Late on the evening of October 20, 1933, Pierpont and Dillinger entered the arsenal, subdued three lawmen and made off with several loads of machine guns, sawed-off shotguns, ammunition and bullet-proof vests. When this loot was added to the guns and ammunition they had stolen earlier from an Auburn, Indiana, police station, they were ready for business.

Law enforcement officials were outraged at the brazenness of the gang. Captain Matt Leach, who was afflicted with a serious stutter, wanted to try a bold approach of his own. He knew that both Henry Pierpont and John Dillinger were men with very large egos. Often the gang had been referred to in the newspapers as the Pierpont Gang. What if Captain Leach could persuade reporters to start calling it the Dillinger Gang instead. Maybe a leadership fight would break out amongst the gang members and they would split up. The newsmen agreed to his proposal.

Toland says that there was never a struggle for leadership, despite the spate of stories that started to appear calling Dillinger the leader: "Pierpont knew [the stories] were false and he was too grateful to Dillinger to be jealous. Dillinger, however, read and reread every story and even saved the clippings; but instead of becoming boastful, his manner and dress became more conservative. The gang lived quietly in expensive Chicago apartments, the men drinking only beer and little of that. According to Pierpont's code, a crime not only had to be committed without the benefit of drink or drugs but prepared in sobriety...the men would sit around the living room discussing future plans much like any group of respectable businessmen. Usually Pierpont assembled their various ideas. Sometimes it would be Makley. But everyone had a chance to voice an opinion, no one overriding a majority."

Jay Robert Nash in Bloodletters and Badmen agrees: "There was no real leader... Pierpont was the most daring and nerveless of the group, but his impulsiveness oft-times outweighed his considerable intelligence. Hamilton was the old pro. Whenever any bank job was discussed, he could offer the soundest advice based on experience. Makley and Clark, for the most part, listened. Pierpont appreciated and more or less encouraged Dillinger's role as leader...telling him that [the name Dillinger] was both euphonic and memorable since it reminded everyone of the pistol, derringer."

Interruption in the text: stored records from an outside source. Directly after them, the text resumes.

text \<open>Conjugating by the block-diagonal unitary whose block at site n sends the orthonormal basis
  \<open>\<xi>(n,n+1), \<xi>(n,n-1)\<close> of the n-th site to \<open>p(n) e\<^sub>1, q(n) e\<^sub>2\<close>, with unimodular p and q,
  turns the walk into one that hops to the left by \<open>|e\<^sub>1\<rangle>\<langle>v(n)|\<close> and to the right by
  \<open>|e\<^sub>2\<rangle>\<langle>w(n)|\<close>, where \<open>v(n), w(n)\<close> are the coordinates of \<open>\<zeta>(n-1,n), \<zeta>(n+1,n)\<close> in that
  basis, twisted by p, q and a global phase E. The coin \<open>v(n), w(n)\<close> is an orthonormal basis of
  \<open>\<complex>\<^sup>2\<close>, given by a modulus and three angles which the twist merely translates, so choosing p, q
  and E means solving a first order difference equation on \<open>\<int>\<close>. As the coins take only three
  values, all entries can be made real except for the three angles \<open>\<mu>\<^sub>1, \<mu>\<^sub>2, \<mu>\<^sub>3\<close> at the defect
  and the relative phase \<open>\<theta>\<close> of the initial state.

  Conversely, an equivalence between two walks in normal form with non-vanishing hops is diagonal.
  Comparing the positive entries of the hopping vectors at the sites -2 and -1 forces
  \<open>E\<^sup>2 = 1\<close>, after which every gauge phase met at the defect is 1, so all parameters agree.\<close>

lemma cnj_mult_self_eq_1_iff: "cnj z * z = 1 \<longleftrightarrow> cmod z = 1"
proof -
  have "cnj z * z = of_real ((cmod z)\<^sup>2)"
    using complex_norm_square[of z] by (simp add: mult.commute)
  also have "\<dots> = 1 \<longleftrightarrow> (cmod z)\<^sup>2 = 1"
    by (rule of_real_eq_1_iff)
  also have "\<dots> \<longleftrightarrow> cmod z = 1"
    by (simp add: abs_square_eq_1)
  finally show ?thesis .
qed

lemma cis_Arg_mult_cmod: "cis (Arg z) * of_real (cmod z) = z"
  using rcis_cmod_Arg[of z] by (simp add: rcis_def mult.commute)

lemma cis_minus_Arg_mult: "cis (- Arg z) * z = cmod z"
proof -
  have "cis (- Arg z) * z = cis (- Arg z) * cis (Arg z) * cmod z"
    by (simp add: cis_Arg_mult_cmod mult.assoc)
  also have "\<dots> = cmod z"
    by (simp add: cis_mult)
  finally show ?thesis .
qed

lemma cis_gauge: "cnj (cis e) * (cnj (cis k) * (cis p * cis t)) = cis (p + t - e - k)"
proof -
  have "cnj (cis e) * (cnj (cis k) * (cis p * cis t)) = cis (-e) * cis (-k) * cis p * cis t"
    by (simp add: cis_cnj mult.assoc)
  also have "\<dots> = cis (-e + -k + p + t)"
    by (simp only: cis_mult)
  also have "-e + -k + p + t = p + t - e - k"
    by simp
  finally show ?thesis .
qed

lemma cis_eq_imp_eq:
  assumes "cis x = cis y" "x \<in> {0..<2*pi}" "y \<in> {0..<2*pi}"
  shows "x = y"
  using assms Arg2pi_unique[of 1 x "cis x"] Arg2pi_unique[of 1 y "cis y"]
  by (simp add: cis_conv_exp)

lemma unimodular_mult_pos_eq:
  assumes "cmod u = 1" "0 < x" "0 < y" "u * of_real x = of_real y"
  shows "u = 1" "x = y"
proof -
  have "cmod u * x = y"
    using arg_cong[OF assms(4), of cmod] assms(2,3) by (simp add: norm_mult)
  then show xy: "x = y"
    using assms(1) by simp
  show "u = 1"
    using assms(2,4) unfolding xy by simp
qed

lemma gauge_phase_eq_1:
  assumes "cnj (E * x) * y * of_real s = of_real s'"
    and "cmod E = 1" "cmod x = 1" "cmod y = 1" "0 < s" "0 < s'"
  shows "cnj (E * x) * y = 1" "s = s'"
  using unimodular_mult_pos_eq[of "cnj (E * x) * y" s s'] assms by (simp_all add: norm_mult)

lemma gauge_phase_swap:
  assumes "cmod E = 1" "cmod x = 1" "cmod y = 1" "cnj (E * x) * y = 1"
  shows "cnj (E * y) * x = cnj E ^ 2"
proof -
  have "cnj x * x = 1" "cnj y * y = 1"
    using assms(2,3) by (simp_all add: cnj_mult_self_eq_1_iff)
  then show ?thesis
    using assms(4) by (simp add: power2_eq_square) algebra
qed

lemma sqrt_one_minus_square_pos: "r \<in> {0<..<1} \<Longrightarrow> 0 < sqrt (1 - r\<^sup>2)"
  by (simp add: power_less_one_iff abs_square_less_1)

lemma vec2_eq_iff: "(x::'a^2) = y \<longleftrightarrow> x$1 = y$1 \<and> x$2 = y$2"
  by (simp add: vec_eq_iff forall_2)

lemma cinner_2: "cinner x y = cnj (x$1) * y$1 + cnj (x$2) * y$2"
  by (simp add: cinner_def sum_2)

lemma cinner_commute: "cinner y x = cnj (cinner x y)"
  by (simp add: cinner_2 mult.commute)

With their finely-honed precision system for bank robbing, they executed the first target in their plan on October 23 when they pulled up to the Greencastle, Indiana, Central National Bank. Hamilton stayed outside the door to watch, while Pierpont, Makley and Dillinger went inside. Using "Baron" Lamm's method, they already knew the inside of the structure well since they had cased the bank thoroughly a few days earlier.

Dillinger, the showoff, leaped over a high counter into the teller's cage and started to scoop up money, while Pierpont and Makley made sure that nobody moved. Hamilton, standing by the door with a stopwatch so that they didn't overstay their five-minute time limit, looked up to see an elderly, foreign-born woman walk out of the bank. He told her to get back inside.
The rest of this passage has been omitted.